L’intégration était bien faite, j’ai été accueilli dans une famille italienne qui m’a adopté, ils m’ont introduit à la culture et à la langue j’y ai passé deux ans. J’ai eu une très belle relation avec eux. Quand je vais à Rome, je loge encore dans cette famille. Après mes deux années d’université pontificale j’ai intégré le séminaire en 2005. J’y ai rencontré d’autres séminaristes qui avaient fait le même chemin et on a créé des liens d’amitié. J’ai eu des moments difficiles mais je ne les ai jamais affrontés tout seul et j’ai trouvé de la force dans la prière.
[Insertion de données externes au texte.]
text \<open>By the variational inequality for the projection, every weak cluster point coincides
  with the strong limit of the projections.\<close>
lemma fejer_monotone_weak_conv:
  fixes x :: "nat \<Rightarrow> 'a::{real_inner,complete_space}"
  assumes F: "closed F" "convex F" "F \<noteq> {}"
    and fejer: "\<And>p n. p \<in> F \<Longrightarrow> norm (x (Suc n) - p) \<le> norm (x n - p)"
    and cluster: "\<And>\<sigma> z. strict_mono \<sigma> \<Longrightarrow> weak_conv (x \<circ> \<sigma>) z \<Longrightarrow> z \<in> F"
  shows "\<exists>v\<in>F. weak_conv x v \<and> (\<lambda>n. metric_proj F (x n)) \<longlonglongrightarrow> v"
proof -
  let ?P = "metric_proj F"
  obtain v where v: "(\<lambda>n. ?P (x n)) \<longlonglongrightarrow> v"
    using fejer_metric_proj_convergent[of F x, OF F fejer] by (auto simp: convergent_def)
  have "v \<in> F"
    using closed_sequentially[OF F(1) _ v] metric_proj_in[OF F] by blast
  obtain p where "p \<in> F"
    using F(3) by blast
  have bound: "norm (x n) \<le> norm (x 0 - p) + norm p" for n
    using norm_triangle_sub[of "x n" p] fejer_monotone_le[of x p, OF fejer[OF \<open>p \<in> F\<close>], of 0 n] by simp
  have "z = v" if \<sigma>: "strict_mono \<sigma>" and z: "weak_conv (x \<circ> \<sigma>) z" for \<sigma> z
  proof -
    have "z \<in> F"
      using cluster[OF \<sigma> z] .
    have v\<sigma>: "(\<lambda>k. ?P (x (\<sigma> k))) \<longlonglongrightarrow> v"
      using LIMSEQ_subseq_LIMSEQ[OF v \<sigma>] by (simp add: o_def)
    have "(\<lambda>k. inner ((x \<circ> \<sigma>) k) (z - ?P (x (\<sigma> k))) - inner (?P (x (\<sigma> k))) (z - ?P (x (\<sigma> k))))
            \<longlonglongrightarrow> inner z (z - v) - inner v (z - v)"
      using z bound v\<sigma> by (intro tendsto_diff weak_conv_inner_tendsto tendsto_inner tendsto_const)
        (auto simp: o_def)
    then have "(\<lambda>k. inner (x (\<sigma> k) - ?P (x (\<sigma> k))) (z - ?P (x (\<sigma> k))))
                 \<longlonglongrightarrow> inner (z - v) (z - v)"
      by (simp add: inner_diff_left)
    moreover have "inner (x (\<sigma> k) - ?P (x (\<sigma> k))) (z - ?P (x (\<sigma> k))) \<le> 0" for k
      using metric_proj_inner_le[OF F(1,2) \<open>z \<in> F\<close>] .
    ultimately have "inner (z - v) (z - v) \<le> 0"
      by (intro tendsto_upperbound always_eventually) auto
    then show "z = v"
      by (metis inner_eq_zero_iff inner_ge_zero order_antisym right_minus_eq)
  qed
  then have "weak_conv x v"
    using weak_conv_if_unique_cluster bound by blast
  with \<open>v \<in> F\<close> v show ?thesis
    by blast
qed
Il faut aussi garder à l’esprit que c’est un choix, un dessin que j’ai mûri. L’évangile nous aide à cette aventure, Jésus a eu une vie agitée de la conception à la mort, c’est un perpétuel mouvement. Quand un prêtre regarde la vie de Jésus, il apprend à vivre dans la réalité où l’Esprit l’envoie en mission.
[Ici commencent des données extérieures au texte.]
lemma second_difference_mvt:
  fixes h :: "real^'n::finite \<Rightarrow> real" and p :: "real^'n" and i j :: 'n
  defines "q \<equiv> \<lambda>\<sigma> \<tau>. p + \<sigma> *\<^sub>R axis i 1 + \<tau> *\<^sub>R axis j 1"
  assumes "0 < s"
    and dh: "\<And>\<sigma> \<tau>. \<sigma> \<in> {0..s} \<Longrightarrow> \<tau> \<in> {0..s} \<Longrightarrow> h differentiable (at (q \<sigma> \<tau>))"
    and dP: "\<And>\<sigma> \<tau>. \<sigma> \<in> {0..s} \<Longrightarrow> \<tau> \<in> {0..s} \<Longrightarrow> partial i h differentiable (at (q \<sigma> \<tau>))"
  shows "\<exists>\<sigma>\<in>{0<..<s}. \<exists>\<tau>\<in>{0<..<s}.
    h (q s s) - h (q s 0) - h (q 0 s) + h (q 0 0) = s * s * partial j (partial i h) (q \<sigma> \<tau>)"
proof -
  define g where "g y = h (y + s *\<^sub>R axis j 1) - h y" for y
  have q_shift: "q \<sigma> \<tau> = (p + \<sigma> *\<^sub>R axis i 1) + \<tau> *\<^sub>R axis j 1" for \<sigma> \<tau>
    unfolding q_def ..
  have s: "0 \<in> {0..s}" "s \<in> {0..s}" using \<open>0 < s\<close> by auto
  have dg: "g differentiable (at (p + \<sigma> *\<^sub>R axis i 1))"
    and Dg: "partial i g (p + \<sigma> *\<^sub>R axis i 1) = partial i h (q \<sigma> s) - partial i h (q \<sigma> 0)"
    if "\<sigma> \<in> {0..s}" for \<sigma>
    using partial_shift_diff[of h "p + \<sigma> *\<^sub>R axis i 1" "s *\<^sub>R axis j 1"] dh[OF that s(1)] dh[OF that s(2)]
    unfolding g_def[abs_def] q_shift by simp_all
  obtain \<sigma> where \<sigma>: "\<sigma> \<in> {0<..<s}" "g (p + s *\<^sub>R axis i 1) - g p = s * partial i g (p + \<sigma> *\<^sub>R axis i 1)"
    using partial_mvt[OF \<open>0 < s\<close> dg] by blast
  then have "h (q s s) - h (q s 0) - h (q 0 s) + h (q 0 0) = s * (partial i h (q \<sigma> s) - partial i h (q \<sigma> 0))"
    using Dg[of \<sigma>] unfolding g_def q_shift by (simp add: algebra_simps)
  moreover obtain \<tau> where "\<tau> \<in> {0<..<s}"
    "partial i h (q \<sigma> s) - partial i h (q \<sigma> 0) = s * partial j (partial i h) (q \<sigma> \<tau>)"
    using partial_mvt[OF \<open>0 < s\<close>, of "partial i h" "p + \<sigma> *\<^sub>R axis i 1" j] dP \<sigma>(1)
    unfolding q_shift by auto
  ultimately show ?thesis using \<sigma>(1) by (metis mult.assoc)
qed

text \<open>Schwarz's theorem: by \<open>second_difference_mvt\<close> both mixed partials, at points close to \<open>\<xi>\<close>,
  equal the same second difference divided by \<open>s\<^sup>2\<close>.\<close>
lemma partial_partial_commute:
  fixes h :: "real^'n::finite \<Rightarrow> real"
  assumes "open S" "\<xi> \<in> S" and dh: "\<And>y. y \<in> S \<Longrightarrow> h differentiable (at y)"
    and dPi: "\<And>y. y \<in> S \<Longrightarrow> partial i h differentiable (at y)"
    and dPj: "\<And>y. y \<in> S \<Longrightarrow> partial j h differentiable (at y)"
    and cont_ij: "isCont (partial j (partial i h)) \<xi>" and cont_ji: "isCont (partial i (partial j h)) \<xi>"
  shows "partial j (partial i h) \<xi> = partial i (partial j h) \<xi>"
proof (rule ccontr)
  let ?A = "partial j (partial i h)" and ?B = "partial i (partial j h)"
  assume "?A \<xi> \<noteq> ?B \<xi>"
  define e where "e = \<bar>?A \<xi> - ?B \<xi>\<bar> / 2"
  have "e > 0" using \<open>?A \<xi> \<noteq> ?B \<xi>\<close> unfolding e_def by simp
  obtain r where "r > 0" "ball \<xi> r \<subseteq> S" using assms(1,2) open_contains_ball by blast
  obtain d1 where "d1 > 0" and d1: "\<And>y. dist y \<xi> < d1 \<Longrightarrow> dist (?A y) (?A \<xi>) < e"
    using cont_ij \<open>e > 0\<close> unfolding continuous_at_eps_delta by blast
  obtain d2 where "d2 > 0" and d2: "\<And>y. dist y \<xi> < d2 \<Longrightarrow> dist (?B y) (?B \<xi>) < e"
    using cont_ji \<open>e > 0\<close> unfolding continuous_at_eps_delta by blast
  define s where "s = min r (min d1 d2) / 4"
  have "s > 0" using \<open>r > 0\<close> \<open>d1 > 0\<close> \<open>d2 > 0\<close> unfolding s_def by auto
  define q where "q \<sigma> \<tau> = \<xi> + \<sigma> *\<^sub>R axis i 1 + \<tau> *\<^sub>R axis j 1" for \<sigma> \<tau>
  have near: "dist (q \<sigma> \<tau>) \<xi> < min r (min d1 d2)" if "\<sigma> \<in> {0..s}" "\<tau> \<in> {0..s}" for \<sigma> \<tau>
  proof -
    have "dist (q \<sigma> \<tau>) \<xi> = norm (\<sigma> *\<^sub>R axis i 1 + \<tau> *\<^sub>R axis j 1 :: real^'n)"
      unfolding q_def dist_norm by simp
    also have "\<dots> \<le> norm (\<sigma> *\<^sub>R axis i 1 :: real^'n) + norm (\<tau> *\<^sub>R axis j 1 :: real^'n)"
      by (rule norm_triangle_ineq)
    also have "\<dots> \<le> 2 * s" using that by simp
    finally show ?thesis using \<open>s > 0\<close> unfolding s_def by linarith
  qed
  then have "q \<sigma> \<tau> \<in> S" if "\<sigma> \<in> {0..s}" "\<tau> \<in> {0..s}" for \<sigma> \<tau>
    using that \<open>ball \<xi> r \<subseteq> S\<close> by (auto simp: dist_commute)
  then have inS: "h differentiable (at (q \<sigma> \<tau>)) \<and> partial i h differentiable (at (q \<sigma> \<tau>))
      \<and> partial j h differentiable (at (q \<sigma> \<tau>))" if "\<sigma> \<in> {0..s}" "\<tau> \<in> {0..s}" for \<sigma> \<tau>
    using that dh dPi dPj by blast
  have swap: "\<xi> + \<tau> *\<^sub>R axis j 1 + \<sigma> *\<^sub>R axis i 1 = q \<sigma> \<tau>" for \<sigma> \<tau>
    unfolding q_def by (simp add: algebra_simps)
  obtain \<sigma> \<tau> where "\<sigma> \<in> {0<..<s}" "\<tau> \<in> {0<..<s}"
    "h (q s s) - h (q s 0) - h (q 0 s) + h (q 0 0) = s * s * ?A (q \<sigma> \<tau>)"
    using second_difference_mvt[OF \<open>s > 0\<close>, of h \<xi> i j] inS unfolding q_def by blast
  moreover obtain \<tau>' \<sigma>' where "\<tau>' \<in> {0<..<s}" "\<sigma>' \<in> {0<..<s}"
    "h (q s s) - h (q 0 s) - h (q s 0) + h (q 0 0) = s * s * ?B (q \<sigma>' \<tau>')"
    using second_difference_mvt[OF \<open>s > 0\<close>, of h \<xi> j i] inS unfolding swap by blast
  ultimately have "s * s * ?A (q \<sigma> \<tau>) = s * s * ?B (q \<sigma>' \<tau>')" by linarith
  then have "?A (q \<sigma> \<tau>) = ?B (q \<sigma>' \<tau>')" using \<open>s > 0\<close> by simp
  moreover have "dist (?A (q \<sigma> \<tau>)) (?A \<xi>) < e" "dist (?B (q \<sigma>' \<tau>')) (?B \<xi>) < e"
    using d1 d2 near \<open>\<sigma> \<in> _\<close> \<open>\<tau> \<in> _\<close> \<open>\<sigma>' \<in> _\<close> \<open>\<tau>' \<in> _\<close> by auto
  ultimately show False unfolding e_def dist_real_def by (auto simp: abs_if split: if_splits)
qed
Qu’allez-vous faire à présent en Guinée ? Est-ce que ce départ était un choix de votre part ?
Oui, c’est un choix personnel avec le concours de beaucoup de choses qui m’amène à rentrer en Afrique, ça fait 20 ans que je suis en Europe, il est aussi temps pour moi de restituer un peu de mes expériences. Je retourne à N’Zérékoré, où j’ai aussi une partie de ma famille avec ma maman âgée de 88 ans. C’est un défi, je suis comme face à l’inconnu car je vais trouver de nouveaux visages, même si j’ai aussi beaucoup d’amis là-bas. Je ne rentre pas avec des solutions préconçues, mais avec l’envie de faire des rencontres, de rejoindre les autres dans la mission commune et mettre mon charisme au service de l’église locale, de faire avec les personnes. J’ai mon doctorat en Droit Canonique et j’envisage aussi de mettre à profit ce que j’ai appris cette année en faisant le Diplôme d’Etude de Relation Islamo-Chrétienne, à l’ISTR, car la Guinée est un pays majoritairement musulman.
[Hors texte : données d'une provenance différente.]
(* Let $q$ be a positive multiple of $24$. Then for every $m\in\mathbb{Z}$ with $q\nmid 24m$, one has $|\widehat{f_q}(-m)|\le\frac1{\sqrt5}$.
   Context: $e(\theta):=e^{2\pi i\theta}$. For $f:\mathbb{Z}/q\mathbb{Z}\to\mathbb{C}$, $\widehat f(r):=\frac1q\sum_{x\in\mathbb{Z}/q\mathbb{Z}}f(x)e(-rx/q)$, and $f_q(t):=\#\{x\in\mathbb{Z}/q\mathbb{Z}:x^2=t\}$. *)

theory Defs
  imports "HOL-Analysis.Analysis"
begin

definition e :: "real \<Rightarrow> complex" where
  "e \<theta> = exp (2 * pi * \<i> * complex_of_real \<theta>)"

text \<open>A function on Z/qZ is represented as a function on int (only its values on the
  residues 0..q-1 matter). Fourier transform:
  hat f (r) = 1/q * sum over x in Z/qZ of f(x) e(-r x / q).\<close>
definition fhat :: "int \<Rightarrow> (int \<Rightarrow> complex) \<Rightarrow> int \<Rightarrow> complex" where
  "fhat q f r = (1 / of_int q) * (\<Sum>x\<in>{0..<q}. f x * e (- of_int r * of_int x / of_int q))"

definition fq :: "int \<Rightarrow> int \<Rightarrow> complex" where
  "fq q t = of_nat (card {x \<in> {0..<q}. x ^ 2 mod q = t mod q})"

end

theory Submission imports Defs begin

text \<open>
  Grouping the residues t by their square roots turns the Fourier coefficient into the
  quadratic Gauss sum G = \<Sum>x. e(m x^2/q), divided by q. Expanding |G|^2 and substituting
  x = y + h gives \<Sum>h e(m h^2/q) \<Sum>y e(2 m h y/q); the inner sum vanishes unless q divides
  2 m h, which happens for at most gcd(2m, q) residues h, so |G|^2 \<le> q gcd(2m, q). Finally
  the index q / gcd(2m, q) is at least 5, since otherwise it would divide 12 and q would
  divide 24 m.
\<close>

lemma e_add: "e (a + b) = e a * e b"
  unfolding e_def by (simp add: distrib_left exp_add[symmetric])

lemma e_of_int: "e (of_int n) = 1"
  unfolding e_def using exp_integer_2pi[of "of_int n"]
  by (simp add: mult.commute mult.left_commute)

lemma norm_e: "norm (e t) = 1"
  unfolding e_def by (simp add: norm_exp)

lemma cnj_e: "cnj (e t) = e (- t)"
  unfolding e_def by (subst exp_cnj) simp

lemma e_of_nat_mult: "e (of_nat n * t) = e t ^ n"
  unfolding e_def by (simp add: exp_of_nat_mult[symmetric] algebra_simps)

lemma e_eq_1_imp_Ints:
  assumes "e t = 1"
  shows "t \<in> \<int>"
proof -
  from assms obtain n :: int where "Im (2 * pi * \<i> * complex_of_real t) = of_int (2 * n) * pi"
    unfolding e_def exp_eq_1 by blast
  then have "t = of_int n" by simp
  then show ?thesis by simp
qed

lemma e_divide_cong_mod:
  assumes "a mod q = b mod q" and "q \<noteq> 0"
  shows "e (of_int a / of_int q) = e (of_int b / of_int q)"
proof -
  have "q dvd a - b" using assms(1) by (simp add: mod_eq_dvd_iff)
  then obtain k where "a - b = q * k" by (rule dvdE)
  then have "a = b + q * k" by simp
  then have "of_int a / of_int q = of_int b / of_int q + (of_int k :: real)"
    using assms(2) by (simp add: field_simps)
  then show ?thesis by (simp add: e_add e_of_int)
qed

lemma sum_e_linear:
  fixes q c :: int
  assumes "q > 0"
  shows "(\<Sum>y\<in>{0..<q}. e (of_int (c * y) / of_int q)) = (if q dvd c then of_int q else 0)"
proof (cases "q dvd c")
  case True
  then obtain k where "c = q * k" by blast
  then have "e (of_int (c * y) / of_int q) = 1" for y
    using assms e_of_int[of "k * y"] by simp
  then show ?thesis using True assms by simp
next
  case False
  define z where "z = e (of_int c / of_int q)"
  have powers: "e (of_int (c * int n) / of_int q) = z ^ n" for n
    unfolding z_def e_of_nat_mult[symmetric] by (simp add: mult.commute)
  have "z \<noteq> 1"
  proof
    assume "z = 1"
    then have "of_int c / of_int q \<in> (\<int> :: real set)"
      unfolding z_def by (rule e_eq_1_imp_Ints)
    then obtain k where "of_int c / of_int q = (of_int k :: real)"
      by (auto elim: Ints_cases)
    then have "of_int c = (of_int (q * k) :: real)"
      using assms by (simp add: field_simps)
    then have "c = q * k" by linarith
    then show False using False by simp
  qed
  have "z ^ nat q = 1"
    using powers[of "nat q"] assms by (simp add: e_of_int)
  have "{0..<q} = int ` {..<nat q}"
    using assms by (simp add: image_int_atLeastLessThan lessThan_atLeast0)
  then have "(\<Sum>y\<in>{0..<q}. e (of_int (c * y) / of_int q))
      = (\<Sum>n<nat q. e (of_int (c * int n) / of_int q))"
    by (simp add: sum.reindex)
  also have "\<dots> = (\<Sum>n<nat q. z ^ n)"
    by (simp only: powers)
  also have "\<dots> = 0"
    using \<open>z \<noteq> 1\<close> \<open>z ^ nat q = 1\<close> by (simp add: sum_gp_strict)
  finally show ?thesis
    using False by simp
qed

lemma bij_betw_add_mod:
  fixes q y :: int
  assumes "q > 0"
  shows "bij_betw (\<lambda>h. (y + h) mod q) {0..<q} {0..<q}"
proof (rule bij_betw_imageI)
  show "inj_on (\<lambda>h. (y + h) mod q) {0..<q}"
  proof (rule inj_onI)
    fix a b
    assume ab: "a \<in> {0..<q}" "b \<in> {0..<q}" "(y + a) mod q = (y + b) mod q"
    have "a mod q = ((y + a) mod q - y) mod q" by (simp add: mod_diff_left_eq)
    also have "\<dots> = ((y + b) mod q - y) mod q" using ab by simp
    also have "\<dots> = b mod q" by (simp add: mod_diff_left_eq)
    finally show "a = b" using ab by simp
  qed
  show "(\<lambda>h. (y + h) mod q) ` {0..<q} = {0..<q}"
  proof
    show "(\<lambda>h. (y + h) mod q) ` {0..<q} \<subseteq> {0..<q}" using assms by auto
    show "{0..<q} \<subseteq> (\<lambda>h. (y + h) mod q) ` {0..<q}"
    proof
      fix x assume x: "x \<in> {0..<q}"
      then have "x = (y + (x - y) mod q) mod q" by (simp add: mod_add_right_eq)
      moreover have "(x - y) mod q \<in> {0..<q}" using assms by simp
      ultimately show "x \<in> (\<lambda>h. (y + h) mod q) ` {0..<q}" by blast
    qed
  qed
qed

definition gauss_sum :: "int \<Rightarrow> int \<Rightarrow> complex" where
  "gauss_sum q m = (\<Sum>x\<in>{0..<q}. e (of_int (m * x\<^sup>2) / of_int q))"

lemma fhat_fq_eq_gauss_sum:
  fixes q m :: int
  assumes "q > 0"
  shows "fhat q (fq q) (- m) = gauss_sum q m / of_int q"
proof -
  let ?fibre = "\<lambda>t. {x \<in> {0..<q}. x\<^sup>2 mod q = t}"
  have "fq q t * e (- of_int (- m) * of_int t / of_int q)
      = (\<Sum>x\<in>?fibre t. e (of_int (m * (x\<^sup>2 mod q)) / of_int q))" if "t \<in> {0..<q}" for t
    using that by (simp add: fq_def)
  then have "(\<Sum>t\<in>{0..<q}. fq q t * e (- of_int (- m) * of_int t / of_int q))
      = (\<Sum>t\<in>{0..<q}. \<Sum>x\<in>?fibre t. e (of_int (m * (x\<^sup>2 mod q)) / of_int q))"
    by (rule sum.cong[OF refl])
  also have "\<dots> = (\<Sum>x\<in>{0..<q}. e (of_int (m * (x\<^sup>2 mod q)) / of_int q))"
    using assms by (intro sum.group) auto
  also have "\<dots> = gauss_sum q m"
    unfolding gauss_sum_def
    using assms by (intro sum.cong refl e_divide_cong_mod) (simp_all add: mod_mult_right_eq)
  finally show ?thesis unfolding fhat_def by simp
qed

lemma norm_gauss_sum_square:
  fixes q m :: int
  assumes "q > 0"
  shows "complex_of_real ((norm (gauss_sum q m))\<^sup>2)
    = (\<Sum>h\<in>{0..<q}. e (of_int (m * h\<^sup>2) / of_int q)
        * (\<Sum>y\<in>{0..<q}. e (of_int (2 * m * h * y) / of_int q)))"
proof -
  let ?E = "\<lambda>k. e (of_int k / of_int q)"
  have shift: "?E (m * (((y + h) mod q)\<^sup>2 - y\<^sup>2)) = ?E (m * h\<^sup>2) * ?E (2 * m * h * y)" for h y
  proof -
    have "((y + h) mod q)\<^sup>2 mod q = (y + h)\<^sup>2 mod q" by (rule power_mod)
    then have "(((y + h) mod q)\<^sup>2 - y\<^sup>2) mod q = ((y + h)\<^sup>2 - y\<^sup>2) mod q"
      by (metis mod_diff_left_eq)
    then have "(m * (((y + h) mod q)\<^sup>2 - y\<^sup>2)) mod q = (m * ((y + h)\<^sup>2 - y\<^sup>2)) mod q"
      by (metis mod_mult_right_eq)
    also have "m * ((y + h)\<^sup>2 - y\<^sup>2) = m * h\<^sup>2 + 2 * m * h * y"
      by (simp add: power2_eq_square algebra_simps)
    finally have "?E (m * (((y + h) mod q)\<^sup>2 - y\<^sup>2)) = ?E (m * h\<^sup>2 + 2 * m * h * y)"
      using assms by (intro e_divide_cong_mod) auto
    then show ?thesis by (simp add: add_divide_distrib e_add)
  qed
  have inner: "(\<Sum>x\<in>{0..<q}. ?E (m * x\<^sup>2) * ?E (- (m * y\<^sup>2)))
      = (\<Sum>h\<in>{0..<q}. ?E (m * h\<^sup>2) * ?E (2 * m * h * y))" for y
  proof -
    have "(\<Sum>x\<in>{0..<q}. ?E (m * x\<^sup>2) * ?E (- (m * y\<^sup>2))) = (\<Sum>x\<in>{0..<q}. ?E (m * (x\<^sup>2 - y\<^sup>2)))"
      by (simp add: e_add[symmetric] diff_divide_distrib right_diff_distrib)
    also have "\<dots> = (\<Sum>h\<in>{0..<q}. ?E (m * (((y + h) mod q)\<^sup>2 - y\<^sup>2)))"
      by (rule sum.reindex_bij_betw[symmetric, OF bij_betw_add_mod[OF assms]])
    also have "\<dots> = (\<Sum>h\<in>{0..<q}. ?E (m * h\<^sup>2) * ?E (2 * m * h * y))"
      by (simp only: shift)
    finally show ?thesis .
  qed
  have "complex_of_real ((norm (gauss_sum q m))\<^sup>2) = gauss_sum q m * cnj (gauss_sum q m)"
    by (rule complex_norm_square)
  also have "\<dots> = (\<Sum>x\<in>{0..<q}. \<Sum>y\<in>{0..<q}. ?E (m * x\<^sup>2) * ?E (- (m * y\<^sup>2)))"
    unfolding gauss_sum_def by (simp add: cnj_e sum_product)
  also have "\<dots> = (\<Sum>y\<in>{0..<q}. \<Sum>x\<in>{0..<q}. ?E (m * x\<^sup>2) * ?E (- (m * y\<^sup>2)))"
    by (rule sum.swap)
  also have "\<dots> = (\<Sum>y\<in>{0..<q}. \<Sum>h\<in>{0..<q}. ?E (m * h\<^sup>2) * ?E (2 * m * h * y))"
    by (simp only: inner)
  finally show ?thesis
    by (subst (asm) sum.swap) (simp add: sum_distrib_left)
qed

lemma card_dvd_mult_le_gcd:
  fixes q a :: int
  assumes "q > 0"
  shows "card {h \<in> {0..<q}. q dvd a * h} \<le> nat (gcd a q)"
proof -
  define g where "g = gcd a q"
  define k where "k = q div g"
  have "g > 0" using assms unfolding g_def by simp
  have q_eq: "q = g * k" unfolding k_def g_def by simp
  then have "k > 0" using assms \<open>g > 0\<close> by (simp add: zero_less_mult_iff)
  obtain c where c: "a = g * c" unfolding g_def by (meson gcd_dvd1 dvdE)
  have "coprime k c"
    using div_gcd_coprime[of a q] assms c \<open>g > 0\<close> unfolding k_def g_def
    by (metis coprime_commute gcd_pos_int less_irrefl nonzero_mult_div_cancel_left)
  have "{h \<in> {0..<q}. q dvd a * h} \<subseteq> (\<lambda>j. k * j) ` {0..<g}"
  proof
    fix h assume h: "h \<in> {h \<in> {0..<q}. q dvd a * h}"
    then have "g * k dvd g * (c * h)" using q_eq c by (simp add: mult.assoc)
    then have "k dvd c * h" using \<open>g > 0\<close> by simp
    then have "k dvd h" using \<open>coprime k c\<close> by (simp add: coprime_dvd_mult_right_iff)
    then obtain j where j: "h = k * j" by blast
    then have "j \<in> {0..<g}"
      using h \<open>k > 0\<close> q_eq by (simp add: zero_le_mult_iff mult.commute)
    then show "h \<in> (\<lambda>j. k * j) ` {0..<g}" using j by blast
  qed
  then have "card {h \<in> {0..<q}. q dvd a * h} \<le> card ((\<lambda>j. k * j) ` {0..<g})"
    by (intro card_mono) auto
  also have "\<dots> \<le> card {0..<g}" by (rule card_image_le) simp
  finally show ?thesis unfolding g_def by simp
qed

lemma norm_gauss_sum_square_le:
  fixes q m :: int
  assumes "q > 0"
  shows "(norm (gauss_sum q m))\<^sup>2 \<le> of_int q * of_int (gcd (2 * m) q)"
proof -
  let ?D = "{h \<in> {0..<q}. q dvd 2 * m * h}"
  have "(norm (gauss_sum q m))\<^sup>2 = norm (complex_of_real ((norm (gauss_sum q m))\<^sup>2))"
    by (simp only: norm_of_real) simp
  also have "\<dots> \<le> (\<Sum>h\<in>{0..<q}. norm (\<Sum>y\<in>{0..<q}. e (of_int (2 * m * h * y) / of_int q)))"
    unfolding norm_gauss_sum_square[OF assms]
    by (rule order.trans[OF norm_sum]) (simp add: norm_mult norm_e)
  also have "\<dots> = (\<Sum>h\<in>{0..<q}. if q dvd 2 * m * h then of_int q else 0)"
    by (intro sum.cong refl) (simp only: sum_e_linear[OF assms], simp)
  also have "\<dots> = (\<Sum>h\<in>?D. of_int q)"
    by (rule sum.inter_filter[symmetric]) simp
  also have "\<dots> = of_int q * of_nat (card ?D)"
    by simp
  also have "\<dots> \<le> of_int q * of_int (gcd (2 * m) q)"
    using card_dvd_mult_le_gcd[OF assms, of "2 * m"] assms
    by (intro mult_left_mono) (simp_all add: le_nat_iff)
  finally show ?thesis .
qed

lemma five_mult_gcd_le:
  fixes q a :: int
  assumes "q > 0" and "\<not> q dvd 12 * a"
  shows "5 * gcd a q \<le> q"
proof (rule ccontr)
  assume "\<not> 5 * gcd a q \<le> q"
  define k where "k = q div gcd a q"
  have q_eq: "q = gcd a q * k" unfolding k_def by simp
  have "gcd a q > 0" using assms by simp
  have "0 < k"
    using q_eq assms(1) \<open>gcd a q > 0\<close> zero_less_mult_pos by metis
  moreover have "k < 5"
    using q_eq \<open>gcd a q > 0\<close> \<open>\<not> 5 * gcd a q \<le> q\<close>
    by (metis mult.commute mult_le_cancel_left_pos not_le)
  ultimately have "k = 1 \<or> k = 2 \<or> k = 3 \<or> k = 4" by linarith
  then have "k dvd 12" by auto
  then have "gcd a q * k dvd a * 12"
    by (intro mult_dvd_mono) simp_all
  then have "q dvd 12 * a"
    using q_eq by (simp add: mult.commute)
  then show False using assms(2) by simp
qed

theorem lemma3p4:
  fixes q m :: int
  assumes "q > 0" and "24 dvd q" and "\<not> q dvd 24 * m"
  shows "norm (fhat q (fq q) (- m)) \<le> 1 / sqrt 5"
proof -
  have "5 * gcd (2 * m) q \<le> q"
    using five_mult_gcd_le[of q "2 * m"] assms(1,3) by simp
  then have "of_int (gcd (2 * m) q) \<le> (of_int q / 5 :: real)"
    by simp
  then have "of_int q * of_int (gcd (2 * m) q) \<le> of_int q * (of_int q / 5 :: real)"
    using assms(1) by (intro mult_left_mono) simp_all
  then have "(norm (gauss_sum q m))\<^sup>2 \<le> of_int q * (of_int q / 5)"
    using norm_gauss_sum_square_le[OF assms(1), of m] by linarith
  then have "(norm (gauss_sum q m) / of_int q)\<^sup>2 \<le> 1 / 5"
    using assms(1) by (simp add: power_divide field_simps power2_eq_square)
  then have "norm (gauss_sum q m) / of_int q \<le> sqrt (1 / 5)"
    by (rule real_le_rsqrt)
  then show ?thesis
    using assms(1) by (simp add: fhat_fq_eq_gauss_sum norm_divide real_sqrt_divide)
qed

end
Que gardez-vous de votre expérience marseillaise ? Avez-vous un message pour les paroissiens ?
Avant de venir ici, on me disait de me méfier car Marseille est une ville à mauvaise réputation. Mais même s’il y a des difficultés sociales, je pense qu’à Marseille chacun trouve sa place d’une manière ou d’une autre. C’est une ville qui te met au défi, te fait descendre de ton piédestal et pour te faire confronter avec la réalité. J’y ai trouvé un très bon accueil, des gens de la paroisse et du quartier. Ils m’ont ouvert leurs cœurs, leurs maisons et permis d’exercer mon ministère de manière sereine. Marseille va me manquer, mais mon départ ne signifie pas la fin de notre amitié, on va continuer à échanger entre Marseille et la Guinée.